Both Dell and HP are executing strategies aimed at increasing their respective positions in the enterprise, in an attempt to drive structural margin improvement. Although the end goals may be similar, execution and specific steps taken against them are deviating dramatically. The relative performance of each is best demonstrated by earnings and cash flow revisions.

The brokerage said consensus 2011 EPS and CF estimates for Dell have increased 37 percent and 21 percent, respectively. Conversely, consensus 2011 EPS and CF estimates for HP have been cut 22 percent and 21 percent, respectively.

Surprisingly, over this time-frame, HP's EV/FCF multiple vs. Dell has expanded and HP now trades at nearly ~2x Dell on EV/FCF (this metric normalizes for capital structure and EPS quality, analyst Chris Whitmore wrote in a note to clients.

HP trades at a large premium despite similar, if not greater company-specific structural challenges resulting from years of underinvestment, restructuring (brain drain) and its comparatively high exposure to declining product areas.

The analyst said HP gets more than 70 percent of its profits from sales of Personal Computers (PC), printers and services. These major profit centers at HP remain handicapped due to a secular decline in printers, services retooling, PCs exposure to consumer, etc., with little visibility on a strategy to return each to growth.

Due to the structural nature of HP's challenges, we believe a sustainable EPS growth path will prove elusive for the next 12-18+ months, said Whitmore.

On the other hand, Dell has taken a series of smaller steps to deepen its exposure to enterprise products and now derives about 50 percent of company profit from the enterprise.

In addition, ratings agencies Fitch and Standard & Poor's (S&P) have recently downgraded those of HP. S&P lowered its corporate credit and senior unsecured ratings on HP to BBB+ from A and Fitch cut its long-term issuer default rating on HP to A from A+.
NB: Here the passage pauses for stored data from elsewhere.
text \<open>The \<open>j\<close>-th letter of the chosen representative of the block letter at position \<open>q\<close>
  is placed at position \<open>rat_pair_emb (q, j)\<close>; \<open>rat \<times> nat\<close> carries the lexicographic order.\<close>

definition expand_entry :: "'a block_iword \<Rightarrow> rat \<times> nat \<Rightarrow> (nat \<times> 'a) option" where
  "expand_entry v x = (case v (fst x) of None \<Rightarrow> None
     | Some L \<Rightarrow> if snd x < length (class_rep (snd L)) then Some (class_rep (snd L) ! snd x) else None)"

definition expand :: "'a block_iword \<Rightarrow> 'a iword" where
  "expand v p = (if p \<in> range rat_pair_emb then expand_entry v (inv_into UNIV rat_pair_emb p) else None)"

lemma expand_rat_pair_emb[simp]: "expand v (rat_pair_emb x) = expand_entry v x"
  by (simp add: expand_def inj_rat_pair_emb)

lemma expand_cases: "expand v p \<noteq> None \<Longrightarrow> \<exists>x. p = rat_pair_emb x"
  by (auto simp: expand_def split: if_splits)

lemma expand_entry_SomeD:
  assumes "expand_entry v x = Some l"
  obtains L where "v (fst x) = Some L" "snd x < length (class_rep (snd L))" "l = class_rep (snd L) ! snd x"
  using assms by (auto simp: expand_entry_def split: option.splits if_splits)

lemma expand_entry_letter:
  assumes "is_inf_word block_prod v" "expand_entry v x = Some l"
  shows "valid_letter G l" "\<exists>L. v (fst x) = Some L \<and> fst l \<in> P (fst L)"
proof -
  obtain L where L: "v (fst x) = Some L" "snd x < length (class_rep (snd L))" "l = class_rep (snd L) ! snd x"
    using expand_entry_SomeD[OF assms(2)] by blast
  have "class_rep (snd L) \<in> words_over (P (fst L)) G" using class_rep_letter[OF assms(1) L(1)] by blast
  moreover have "l \<in> set (class_rep (snd L))" using L by simp
  ultimately show "valid_letter G l" "\<exists>L. v (fst x) = Some L \<and> fst l \<in> P (fst L)"
    using L(1) by (auto simp: words_over_def valid_word_def)
qed

definition rep_length :: "'a block_iword \<Rightarrow> rat \<Rightarrow> nat" where
  "rep_length v q = length (class_rep (snd (the (v q))))"

lemma expand_inf_word:
  assumes "is_inf_word block_prod v"
  shows "is_inf_word G (expand v)"
proof (rule is_inf_wordI)
  fix p l assume pl: "expand v p = Some l"
  then obtain x where "p = rat_pair_emb x" using expand_cases by blast
  then show "valid_letter G l" using pl expand_entry_letter[OF assms] by simp
next
  fix i
  let ?S = "{q. \<exists>L. v q = Some L \<and> fst L = block_of i}"
  have "{p. \<exists>l. expand v p = Some l \<and> fst l = i} \<subseteq> rat_pair_emb ` {(q,j). q \<in> ?S \<and> j < rep_length v q}"
  proof
    fix p assume "p \<in> {p. \<exists>l. expand v p = Some l \<and> fst l = i}"
    then obtain l where pl: "expand v p = Some l" "fst l = i" by blast
    then obtain x where px: "p = rat_pair_emb x" using expand_cases by blast
    then have el: "expand_entry v x = Some l" using pl by simp
    then obtain L where L: "v (fst x) = Some L" "snd x < length (class_rep (snd L))" "l = class_rep (snd L) ! snd x"
      by (rule expand_entry_SomeD)
    obtain L' where "v (fst x) = Some L'" "fst l \<in> P (fst L')" using expand_entry_letter(2)[OF assms el] by blast
    then have "fst L = block_of i" using L pl block_of_eq by simp
    then have "fst x \<in> ?S" using L(1) by (intro CollectI exI[of _ L] conjI)
    then have "x \<in> {(q,j). q \<in> ?S \<and> j < rep_length v q}" using L by (cases x) (simp add: rep_length_def)
    then show "p \<in> rat_pair_emb ` {(q,j). q \<in> ?S \<and> j < rep_length v q}" using px by blast
  qed
  moreover have "finite ?S" using inf_word_finite_index[OF assms] by blast
  then have "finite (rat_pair_emb ` {(q,j). q \<in> ?S \<and> j < rep_length v q})" using finite_pairs_below by blast
  ultimately show "finite {p. \<exists>l. expand v p = Some l \<and> fst l = i}" by (rule finite_subset)
qed

definition expand_list :: "'a block_word \<Rightarrow> 'a word" where
  "expand_list xs = concat (map (\<lambda>L. class_rep (snd L)) xs)"

lemma expand_list_simps[simp]: "expand_list [] = []" "expand_list (x @ y) = expand_list x @ expand_list y" "expand_list (L # x) = class_rep (snd L) @ expand_list x"
  by (simp_all add: expand_list_def)

lemma map_expand_entry_concat:
  assumes "\<forall>q\<in>set qs. v q \<noteq> None"
  shows "map (the \<circ> expand_entry v) (concat (map (\<lambda>q. map (Pair q) [0..<rep_length v q]) qs))
       = concat (map (\<lambda>q. class_rep (snd (the (v q)))) qs)"
  using assms
proof (induction qs)
  case (Cons q qs)
  obtain L where L: "v q = Some L" using Cons.prems by auto
  have ll: "rep_length v q = length (class_rep (snd L))" by (simp add: rep_length_def L)
  have "map (the \<circ> expand_entry v) (map (Pair q) [0..<rep_length v q]) = map (\<lambda>j. the (expand_entry v (q,j))) [0..<rep_length v q]"
    by simp
  also have "\<dots> = map (\<lambda>j. class_rep (snd L) ! j) [0..<length (class_rep (snd L))]"
    unfolding ll by (rule map_cong) (auto simp: expand_entry_def L)
  finally have "map (the \<circ> expand_entry v) (map (Pair q) [0..<rep_length v q]) = map (\<lambda>j. class_rep (snd L) ! j) [0..<length (class_rep (snd L))]" .
  then have a: "map (the \<circ> expand_entry v) (map (Pair q) [0..<rep_length v q]) = class_rep (snd (the (v q)))"
    by (simp add: L map_nth)
  have IH: "map (the \<circ> expand_entry v) (concat (map (\<lambda>q. map (Pair q) [0..<rep_length v q]) qs)) = concat (map (\<lambda>q. class_rep (snd (the (v q)))) qs)"
    using Cons.prems by (intro Cons.IH) simp
  show ?case using a IH by (simp only: list.map(2) concat.simps(2) map_append)
qed simp

lemma positions_expand:
  assumes "is_inf_word block_prod v" "\<And>i. i < M \<Longrightarrow> i \<notin> A \<Longrightarrow> block_of i < m"
  shows "positions M (expand v) = rat_pair_emb `
    {x \<in> {(q,j). q \<in> positions m v \<and> j < rep_length v q}. fst (the (expand_entry v x)) < M}"
  (is "_ = rat_pair_emb ` {x \<in> ?T. ?C x}")
proof (rule equalityI; rule subsetI)
  fix p assume "p \<in> positions M (expand v)"
  then obtain l where pl: "expand v p = Some l" "fst l < M" unfolding positions_def by blast
  then obtain x where px: "p = rat_pair_emb x" using expand_cases by blast
  then have el: "expand_entry v x = Some l" using pl by simp
  then obtain L where L: "v (fst x) = Some L" "snd x < length (class_rep (snd L))" "l = class_rep (snd L) ! snd x"
    by (rule expand_entry_SomeD)
  obtain L' where L': "v (fst x) = Some L'" "fst l \<in> P (fst L')" using expand_entry_letter(2)[OF assms(1) el] by blast
  have "block_of (fst l) = fst L" using L L' block_of_eq by simp
  moreover have "fst l \<notin> A" using L' block_not_in_A by blast
  ultimately have "fst L < m" using assms(2) pl by fastforce
  then have "fst x \<in> positions m v" using L(1) unfolding positions_def by blast
  then have "x \<in> {x \<in> ?T. ?C x}" using L el pl by (cases x) (auto simp: rep_length_def)
  then show "p \<in> rat_pair_emb ` {x \<in> ?T. ?C x}" using px by blast
next
  fix p assume "p \<in> rat_pair_emb ` {x \<in> ?T. ?C x}"
  then obtain x where x: "p = rat_pair_emb x" "x \<in> ?T" "?C x" by blast
  then obtain L where "v (fst x) = Some L" using x unfolding positions_def by (cases x) auto
  then have "expand_entry v x = Some (class_rep (snd L) ! snd x)" using x by (cases x) (auto simp: expand_entry_def rep_length_def)
  then show "p \<in> positions M (expand v)" using x unfolding positions_def
    by (intro CollectI exI[of _ "class_rep (snd L) ! snd x"] conjI) simp_all
qed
Investor sentiment and HP's multiple may wane as the PC maker labors over the next 12-24 months to pay down debt, manage large European exposure, reposition services, battle for share in PCs and fight against the secular decline in printing.

Consequently, we continue to recommend investors Sell HPQ ($20 PT) and view Dell as attractive (~3x CY12 EV/FCF); reiterate Buy, Whitmore said.

Shares of HP closed Friday's regular trading session at $27.68, while Dell ended Friday's session at $15.70.